County Clerk Valerie West has been a longtime advocate of mental health programs in the county and the state, and she welcomed representatives from two state mental health groups to the commission work session on Thursday.

“All of us are concerned about our opportunities in the communities in which we live, and those opportunities are housing and transportation and education and employment and social connections,” said Irene Shane, vice-chair of the Georgia Department of Behavioral Health and Developmental Disabilities Region Six Advisory Council. “But, people with serious mental illnesses, people with addictions, alcohol addiction, drug addiction and people with intellectual and developmental disabilities find that accessing and securing opportunities is much more difficult in their communities.”
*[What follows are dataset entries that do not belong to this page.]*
lemma has_211_or_213_insert_ones:
  assumes "0 \<notin> set (y @ z)"
  shows "has_211_or_213 (insert_ones m y z) \<longleftrightarrow>
    has_211_or_213 (y @ z) \<or> (\<exists>b\<in>set y. \<exists>c\<in>set z. b < c)"
proof
  assume "has_211_or_213 (insert_ones m y z)"
  then obtain a b c where abc: "subseq [a, b, c] (insert_ones m y z)" "b < a" "c = b \<or> a < c"
    unfolding has_211_or_213_def by blast
  have "0 < b"
    using subseq_set[OF abc(1)] assms by (auto simp: set_insert_ones)
  show "has_211_or_213 (y @ z) \<or> (\<exists>b\<in>set y. \<exists>c\<in>set z. b < c)"
  proof (cases "b = 1")
    case True
    with abc obtain a' c' where "a' \<in> set y" "c' \<in> set z" "a = Suc a'" "c = Suc c'"
      using subseq_insert_ones_through_one[OF assms] by blast
    moreover have "c' \<noteq> 0"
      using assms \<open>c' \<in> set z\<close> by (cases c') auto
    ultimately show ?thesis
      using abc(3) True by auto
  next
    case False
    have "filter (\<lambda>x. x \<noteq> 1) [a, b, c] = [a, b, c]"
      using False \<open>0 < b\<close> abc(2,3) by auto
    then have "subseq [a, b, c] (map Suc (y @ z))"
      using subseq_filter[OF abc(1), of "\<lambda>x. x \<noteq> 1"] filter_ne_1_insert_ones[OF assms] by simp
    with abc(2,3) have "has_211_or_213 (map Suc (y @ z))"
      unfolding has_211_or_213_def by blast
    then show ?thesis
      unfolding has_211_or_213_map_Suc ..
  qed
next
  assume "has_211_or_213 (y @ z) \<or> (\<exists>b\<in>set y. \<exists>c\<in>set z. b < c)"
  then show "has_211_or_213 (insert_ones m y z)"
  proof
    assume "has_211_or_213 (y @ z)"
    then have "has_211_or_213 (map Suc (y @ z))"
      unfolding has_211_or_213_map_Suc .
    then show ?thesis
      using subseq_map_Suc_insert_ones by (rule has_211_or_213_subseq)
  next
    assume "\<exists>b\<in>set y. \<exists>c\<in>set z. b < c"
    then obtain b c where "b \<in> set y" "c \<in> set z" "b < c" by blast
    then have "subseq ([Suc b] @ [1, Suc c]) (map Suc y @ 1 # map Suc z)"
      by (intro list_emb_append_mono) (simp_all add: subseq_singleton_left)
    then have "subseq [Suc b, 1, Suc c] (insert_ones m y z)"
      unfolding insert_ones_def by (simp add: subseq_drop_many)
    moreover have "0 < b"
      using assms \<open>b \<in> set y\<close> by (cases b) auto
    ultimately show ?thesis
      using \<open>b < c\<close> unfolding has_211_or_213_def
      by (intro exI[of _ "Suc b"] exI[of _ 1] exI[of _ "Suc c"]) simp
  qed
qed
Shane outlined the results of a recent study by Delphi, which covered the responses of professionals in the mental health field to different scenarios, summarized those responses and tied those recommendations into a survey that DBHDD hopes see at least 8,000 completed responses by April 14 that will help identify which of those needs are currently unmet within individual counties. The questionnaires are anonymous and people from a wide variety of backgrounds are encouraged to fill out the form in order to best determine the needs of the community. The questionnaire can be found at Surveymonkey.com/r/GeorgiaNeeds.

“Anybody can take it,” Shane said.

Some work was done even before the meeting to get the process rolling and ensure that local mental health needs and resources are identified.

“I have preemptively reached out to LaGrange, West Point and Hogansville, and they all agreed to the government entities helping us get the word out,” County Manager Eric Mosley said.

The commission also heard from representatives from Mental Health America on some of the known mental health needs in the area and some of the resources that many residents may need.

“We offer education outreach and advocacy work across the state, a part of that is being able to educate communities around what resources are available,” said Yosha Dotson, from Mental Health America of Georgia. “A part of that is being able to educate communities about what types of training is available for non-mental health professionals to be able to recognize signs and symptoms of mental illness or mental health crises.”

In addition to training programs, the MHA also works to make it more likely for people facing mental illness to find help instead of prison time.

“[MHA’s Mental Health Academy] targets those folks who will most likely encounter someone in a mental health crisis, or someone who is approaching a mental health crisis or having mental health challenges,” Dotson said.

“That includes dispatchers for 911. It includes emergency, or EMT, professionals. It includes police officers. That is part of the way that Eric [Mosley], and I started having this conversation. A lot of police officers are now being tasked with even inside of the jail, housing more people with mental health challenges.”

Mosley estimated that roughly 25 percent of inmates in Troup County Jail may face mental health challenges.

Dotson said that there are grants available to fund the programs in Troup County, and she said that MHA has funding for training if those interested can provide a location for the training to take place.

Other topics discussed during the meeting include:

  • A request that a property on Upper Big Springs city be de-annexed into the county from the city. The property is surrounded on three sides by county properties.
  • A request to lift the hiring freeze to replace an employee who quit in the sanitation department.
  • Troup County Finance Officer Buddy Cashwell requested approval to utilize the Multi-Bank Securities Inc. eConnectDirect as a tool to invest in short term Certificates of Deposit. Several commissioners asked about the possibility of investing some of the money in local banks, and Cashwell said that local banks would have that opportunity, though it could prove a difficult undertaking for small banks due to FDIC requirements on large investments.
  • Crews also thanked County Engineer James Emery for overseeing the installation of flashing lights on Wares Crossroad.

The Troup County Board of Commissioners will meet again on Tuesday at 9 a.m. at 100 Ridley Ave.